Beyond neural nets and compute, the other unlock as ever is data. Vast amounts of it exist in this industry spanning decades. Microsoft’s Aurora is trained on a diverse set, at multiple resolutions, consisting of many years of climate insight from various sources. This allows the model to learn a general-purpose representation of atmospheric dynamics that can be adapted to different tasks. Like our UK national forecast, Aurora also has a resolution of around 10km and matches or outperforms state-of-the-art weather and atmospheric chemistry models across a wide range of variables and time periods. It shows particular improvements in predicting extreme events. These models can also identify intricate correlations and dependencies that may not be captured by conventional numerical designs.
Where there’s GPU compute there’s Nvidia, who publicised their research into AI weather forecasting this week at the Computex show in Taiwan. They touted their Earth-2 digital twin and AI models that can predict conditions down to a 1km resolution and, they claim, up to 1,000 times faster and 3,000 times more efficiently than traditional physics models. This has particular criticality in Taiwan where forecasting typhoons and their landfall can save lives.

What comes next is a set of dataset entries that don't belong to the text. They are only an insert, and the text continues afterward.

lemma sigma_finite_lebesgue: "sigma_finite_measure (lebesgue :: 'a::euclidean_space measure)"
proof -
  obtain A :: "'a set set" where "countable A" "A \<subseteq> sets lborel" "\<Union>A = space lborel"
    "\<forall>a\<in>A. emeasure lborel a \<noteq> \<infinity>"
    using lborel.sigma_finite_countable by blast
  then show ?thesis
    unfolding sigma_finite_measure_def by (intro exI[of _ A]) (auto simp: emeasure_completion)
qed

interpretation lebesgue_pair: pair_sigma_finite "lebesgue :: real measure" "lebesgue :: real measure"
  by (simp add: pair_sigma_finite_def sigma_finite_lebesgue)

definition Abel_kernel :: "real \<Rightarrow> real \<Rightarrow> real \<Rightarrow> real \<Rightarrow> real" where
  "Abel_kernel \<alpha> t y s = (if t \<le> s \<and> s \<le> y then (s - t) powr (\<alpha> - 1) * (y - s) powr (- \<alpha>) else 0)"

lemma Abel_kernel_nonneg: "0 \<le> Abel_kernel \<alpha> t y s"
  by (simp add: Abel_kernel_def)

lemma Abel_kernel_measurable:
  "(\<lambda>(y, s). Abel_kernel \<alpha> t y s) \<in> borel_measurable (lebesgue \<Otimes>\<^sub>M lebesgue)"
proof -
  have "fst \<in> borel_measurable (lebesgue \<Otimes>\<^sub>M (lebesgue :: real measure))"
    "snd \<in> borel_measurable (lebesgue \<Otimes>\<^sub>M (lebesgue :: real measure))"
    by (auto intro: measurable_compose[OF _ measurable_completion] measurable_fst'' measurable_snd'')
  then show ?thesis
    unfolding Abel_kernel_def case_prod_beta by measurable
qed

lemma Abel_kernel_integral:
  assumes "0 < \<alpha>" "\<alpha> < 1" "t < y"
  shows "integrable lebesgue (Abel_kernel \<alpha> t y) \<and> (\<integral>s. Abel_kernel \<alpha> t y s \<partial>lebesgue) = Beta \<alpha> (1 - \<alpha>)"
proof -
  have "((\<lambda>s. (s - t) powr (\<alpha> - 1) * (y - s) powr (- \<alpha>)) has_integral Beta \<alpha> (1 - \<alpha>)) {t..y}"
    using has_integral_Beta_interval[of \<alpha> "1 - \<alpha>" t y] assms by simp
  then have "((\<lambda>s. if s \<in> {t..y} then (s - t) powr (\<alpha> - 1) * (y - s) powr (- \<alpha>) else 0)
               has_integral Beta \<alpha> (1 - \<alpha>)) UNIV"
    by (simp only: has_integral_restrict_UNIV)
  then have k: "(Abel_kernel \<alpha> t y has_integral Beta \<alpha> (1 - \<alpha>)) UNIV"
    by (simp add: Abel_kernel_def[abs_def])
  then have "integrable lebesgue (Abel_kernel \<alpha> t y)"
    using nonnegative_absolutely_integrable_1[of "Abel_kernel \<alpha> t y" UNIV] Abel_kernel_nonneg
    by (auto simp: set_integrable_def)
  with k show ?thesis
    using integral_lebesgue[of "Abel_kernel \<alpha> t y"] by (simp add: integral_unique)
qed

text \<open>At \<open>s = t\<close> both sides vanish, because \<open>0 powr x = 0\<close>.\<close>

lemma Abel_kernel_column:
  "(if y \<in> {t<..u} then F y else 0) * Abel_kernel \<alpha> t y s
     = (if t \<le> s then (s - t) powr (\<alpha> - 1) else 0) * (if y \<in> {s..u} then (y - s) powr (- \<alpha>) * F y else 0)"
  by (cases "t = s") (auto simp: Abel_kernel_def)

lemma integral_Abel_kernel_column:
  fixes F :: "real \<Rightarrow> real"
  assumes "integrable lebesgue (\<lambda>y. (if y \<in> {t<..u} then F y else 0) * Abel_kernel \<alpha> t y s)"
  shows "(\<integral>y. (if y \<in> {t<..u} then F y else 0) * Abel_kernel \<alpha> t y s \<partial>lebesgue)
           = (if t \<le> s then (s - t) powr (\<alpha> - 1) else 0) * integral {s..u} (\<lambda>y. (y - s) powr (- \<alpha>) * F y)"
proof -
  define c where "c = (if t \<le> s then (s - t) powr (\<alpha> - 1) else 0)"
  define H where "H y = (if y \<in> {s..u} then (y - s) powr (- \<alpha>) * F y else 0)" for y
  have "integrable lebesgue (\<lambda>y. c * H y)"
    using assms unfolding Abel_kernel_column c_def H_def .
  then have "c = 0 \<or> integrable lebesgue H"
    using integrable_mult_right[of "1 / c" lebesgue "\<lambda>y. c * H y"] by auto
  moreover have "(\<integral>y. H y \<partial>lebesgue) = integral {s..u} (\<lambda>y. (y - s) powr (- \<alpha>) * F y)"
    if "integrable lebesgue H"
  proof -
    have "(\<integral>y. H y \<partial>lebesgue) = integral UNIV H"
      using integral_lebesgue[OF that] by simp
    also have "\<dots> = integral {s..u} (\<lambda>y. (y - s) powr (- \<alpha>) * F y)"
      unfolding H_def by (simp only: integral_restrict_UNIV)
    finally show ?thesis .
  qed
  ultimately have "c * (\<integral>y. H y \<partial>lebesgue) = c * integral {s..u} (\<lambda>y. (y - s) powr (- \<alpha>) * F y)"
    by auto
  moreover have "(\<integral>y. (if y \<in> {t<..u} then F y else 0) * Abel_kernel \<alpha> t y s \<partial>lebesgue)
                   = (\<integral>y. c * H y \<partial>lebesgue)"
    unfolding Abel_kernel_column c_def H_def ..
  ultimately show ?thesis
    by (simp only: integral_mult_right_zero c_def)
qed

lemma Abel_integral_composition:
  fixes F :: "real \<Rightarrow> real"
  assumes F: "F absolutely_integrable_on {t..u}" and "0 < \<alpha>" "\<alpha> < 1"
  shows "integral {t..u} (\<lambda>s. (s - t) powr (\<alpha> - 1) * integral {s..u} (\<lambda>y. (y - s) powr (- \<alpha>) * F y))
           = Beta \<alpha> (1 - \<alpha>) * integral {t..u} F"
proof -
  define G where "G y = (if y \<in> {t<..u} then F y else 0)" for y
  define \<Psi> where "\<Psi> s = (if t \<le> s then (s - t) powr (\<alpha> - 1) else 0)
      * integral {s..u} (\<lambda>y. (y - s) powr (- \<alpha>) * F y)" for s
  have "F absolutely_integrable_on {t<..u}"
    by (rule set_integrable_subset[OF F]) auto
  then have "G absolutely_integrable_on UNIV"
    unfolding G_def by (simp only: absolutely_integrable_restrict_UNIV)
  then have G: "integrable lebesgue G"
    by (simp add: set_integrable_def)
  have "(\<integral>y. G y \<partial>lebesgue) = integral UNIV G"
    using integral_lebesgue[OF G] by simp
  also have "\<dots> = integral {t<..u} F"
    unfolding G_def by (simp only: integral_restrict_UNIV)
  also have "\<dots> = integral {t..u} F"
    by (rule integral_spike_set) (auto intro: negligible_subset[of "{t}"])
  finally have G_integral: "(\<integral>y. G y \<partial>lebesgue) = integral {t..u} F" .
  have row: "integrable lebesgue (Abel_kernel \<alpha> t y) \<and> (\<integral>s. Abel_kernel \<alpha> t y s \<partial>lebesgue) = Beta \<alpha> (1 - \<alpha>)"
    if "G y \<noteq> 0" for y
    using that assms(2,3) by (intro Abel_kernel_integral) (auto simp: G_def split: if_splits)
  have swap: "AE s in lebesgue. integrable lebesgue (\<lambda>y. G y * Abel_kernel \<alpha> t y s)"
    "integrable lebesgue (\<lambda>s. \<integral>y. G y * Abel_kernel \<alpha> t y s \<partial>lebesgue)"
    "(\<integral>s. (\<integral>y. G y * Abel_kernel \<alpha> t y s \<partial>lebesgue) \<partial>lebesgue) = Beta \<alpha> (1 - \<alpha>) * (\<integral>y. G y \<partial>lebesgue)"
    by (rule lebesgue_pair.integral_swap_constant_row_kernel[OF G Abel_kernel_measurable Abel_kernel_nonneg],
        fact row)+
  have "AE s in lebesgue. (\<integral>y. G y * Abel_kernel \<alpha> t y s \<partial>lebesgue) = \<Psi> s"
    using swap(1)
  proof (rule AE_mp, intro AE_I2 impI)
    fix s assume "integrable lebesgue (\<lambda>y. G y * Abel_kernel \<alpha> t y s)"
    then show "(\<integral>y. G y * Abel_kernel \<alpha> t y s \<partial>lebesgue) = \<Psi> s"
      unfolding G_def \<Psi>_def by (rule integral_Abel_kernel_column)
  qed
  then have "AE s in lborel. s \<in> UNIV \<longrightarrow> (\<integral>y. G y * Abel_kernel \<alpha> t y s \<partial>lebesgue) = \<Psi> s"
    by (simp add: AE_completion_iff)
  moreover have "((\<lambda>s. \<integral>y. G y * Abel_kernel \<alpha> t y s \<partial>lebesgue)
                    has_integral Beta \<alpha> (1 - \<alpha>) * integral {t..u} F) UNIV"
    using has_integral_integral_lebesgue[OF swap(2)] swap(3) G_integral by simp
  ultimately have "(\<Psi> has_integral Beta \<alpha> (1 - \<alpha>) * integral {t..u} F) UNIV"
    by (simp only: has_integral_AE)
  moreover have "\<Psi> = (\<lambda>s. if s \<in> {t..u} then (s - t) powr (\<alpha> - 1) * integral {s..u} (\<lambda>y. (y - s) powr (- \<alpha>) * F y) else 0)"
    by (auto simp: \<Psi>_def)
  ultimately show ?thesis
    by (simp only: has_integral_restrict_UNIV integral_unique)
qed

lemma frac_int_complementary_composition:
  fixes K :: "real \<Rightarrow> real \<Rightarrow> real" and a b f :: "real \<Rightarrow> real"
  assumes "0 < \<alpha>" "\<alpha> < 1"
    and K: "\<forall>(x, y) \<in> Delta. K x y = a x * b y"
    and a: "\<And>x. x \<in> {0..1} \<Longrightarrow> a x \<noteq> 0"
    and bf: "(\<lambda>y. b y * f y) absolutely_integrable_on {0..1}"
    and t: "t \<in> {0..1}"
  shows "frac_int (1 - \<alpha>) (\<lambda>s u. 1 / a u) (frac_int \<alpha> K f) t
           = c_const \<alpha> * integral {t..1} (\<lambda>y. b y * f y)"
proof (cases "t = 1")
  case False
  define \<psi> where "\<psi> s = integral {s..1} (\<lambda>y. (y - s) powr (- \<alpha>) * (b y * f y))" for s
  have inner: "(s - t) powr (- (1 - \<alpha>)) * (1 / a s) * frac_int \<alpha> K f s = (s - t) powr (\<alpha> - 1) * \<psi> s"
    if s: "s \<in> {t..1}" for s
  proof (cases "s = 1")
    case False
    have "frac_int \<alpha> K f s = integral {s..1} (\<lambda>y. (y - s) powr (- \<alpha>) * K s y * f y)"
      using False by (simp add: frac_int_def)
    also have "\<dots> = integral {s..1} (\<lambda>y. a s * ((y - s) powr (- \<alpha>) * (b y * f y)))"
      by (rule integral_cong) (use s t K in \<open>auto simp: Delta_def\<close>)
    also have "\<dots> = a s * \<psi> s"
      by (simp add: \<psi>_def)
    finally have "frac_int \<alpha> K f s = a s * \<psi> s" .
    then show ?thesis
      using a[of s] s t by simp
  qed (simp add: frac_int_def \<psi>_def)
  have "frac_int (1 - \<alpha>) (\<lambda>s u. 1 / a u) (frac_int \<alpha> K f) t
      = integral {t..1} (\<lambda>s. (s - t) powr (- (1 - \<alpha>)) * (1 / a s) * frac_int \<alpha> K f s)"
    using False by (simp only: frac_int_def if_False)
  also have "\<dots> = integral {t..1} (\<lambda>s. (s - t) powr (\<alpha> - 1) * \<psi> s)"
    by (rule integral_cong) (rule inner)
  also have "\<dots> = Beta \<alpha> (1 - \<alpha>) * integral {t..1} (\<lambda>y. b y * f y)"
    unfolding \<psi>_def
    by (rule Abel_integral_composition[OF _ assms(1,2)]) (rule set_integrable_subset[OF bf]; use t in auto)
  also have "Beta \<alpha> (1 - \<alpha>) = c_const \<alpha>"
  proof -
    have "\<alpha> \<notin> \<int>"
    proof
      assume "\<alpha> \<in> \<int>"
      then obtain n :: int where "\<alpha> = of_int n"
        by (auto elim: Ints_cases)
      then show False
        using assms(1,2) by simp
    qed
    then show ?thesis
      by (simp add: Beta_complement c_const_def)
  qed
  finally show ?thesis .
qed (simp add: frac_int_def)

lemma c_const_pos: "0 < \<alpha> \<Longrightarrow> \<alpha> < 1 \<Longrightarrow> 0 < c_const \<alpha>"
  unfolding c_const_def by (intro divide_pos_pos sin_gt_zero) auto

lemma frac_int_composition_has_derivative:
  fixes K :: "real \<Rightarrow> real \<Rightarrow> real" and a b f :: "real \<Rightarrow> real"
  assumes "0 < \<alpha>" "\<alpha> < 1"
    and "\<forall>(x, y) \<in> Delta. K x y = a x * b y"
    and "\<And>x. x \<in> {0..1} \<Longrightarrow> a x \<noteq> 0"
    and b: "continuous_on {0..1} b"
    and f: "f absolutely_integrable_on {0..1}"
  shows "AE x in lborel. x \<in> {0<..<1} \<longrightarrow>
           ((\<lambda>t. frac_int (1 - \<alpha>) (\<lambda>s u. 1 / a u) (frac_int \<alpha> K f) t)
              has_real_derivative c_const \<alpha> * - (b x * f x)) (at x)"
proof -
  have bf: "(\<lambda>y. b y * f y) absolutely_integrable_on {0..1}"
  proof (rule absolutely_integrable_bounded_measurable_product_real[OF _ _ _ f])
    show "b \<in> borel_measurable (lebesgue_on {0..1})"
      by (rule continuous_imp_measurable_on_sets_lebesgue[OF b]) simp
    show "bounded (b ` {0..1})"
      by (rule compact_imp_bounded, rule compact_continuous_image[OF b]) simp
  qed simp
  show ?thesis
    using AE_has_real_derivative_integral[OF bf]
  proof (rule AE_mp, intro AE_I2 impI)
    fix x :: real assume x: "x \<in> {0<..<1}"
      and "x \<in> {0<..<1} \<longrightarrow> ((\<lambda>t. integral {t..1} (\<lambda>y. b y * f y)) has_real_derivative - (b x * f x)) (at x)"
    then have "((\<lambda>t. c_const \<alpha> * integral {t..1} (\<lambda>y. b y * f y))
                 has_real_derivative c_const \<alpha> * - (b x * f x)) (at x)"
      by (intro DERIV_cmult) auto
    then show "((\<lambda>t. frac_int (1 - \<alpha>) (\<lambda>s u. 1 / a u) (frac_int \<alpha> K f) t)
                 has_real_derivative c_const \<alpha> * - (b x * f x)) (at x)"
    proof (rule has_field_derivative_transform_within_open[where S = "{0<..<1}"])
      show "c_const \<alpha> * integral {t..1} (\<lambda>y. b y * f y) =
              frac_int (1 - \<alpha>) (\<lambda>s u. 1 / a u) (frac_int \<alpha> K f) t" if "t \<in> {0<..<1}" for t
        using frac_int_complementary_composition[OF assms(1-4) bf] that by simp
    qed (use x in auto)
  qed
qed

They next plan to develop hyper local forecasting, even modelling the flow of air around individual buildings.
Takeaways: There is a ‘but’ here; weather AI currently relies on the big physics models, with all of the latest observations ingested, as an input… essentially a kind of giant weather ‘prompt’, before they can run their predictions. Integrating realtime data is one of the next stages of development. Existing models are trusted and in wide use, but many weather agencies around the world are evaluating these new solutions. The specific accelerant here is high quality data, and the capability for these models to ‘learn’ a good enough physics models from the available representative patterns. These models are small by GPT-4 standards, around 1,000th of the size, but mighty. Problem domains with rich patterns captured in datasets are ripe for transformation.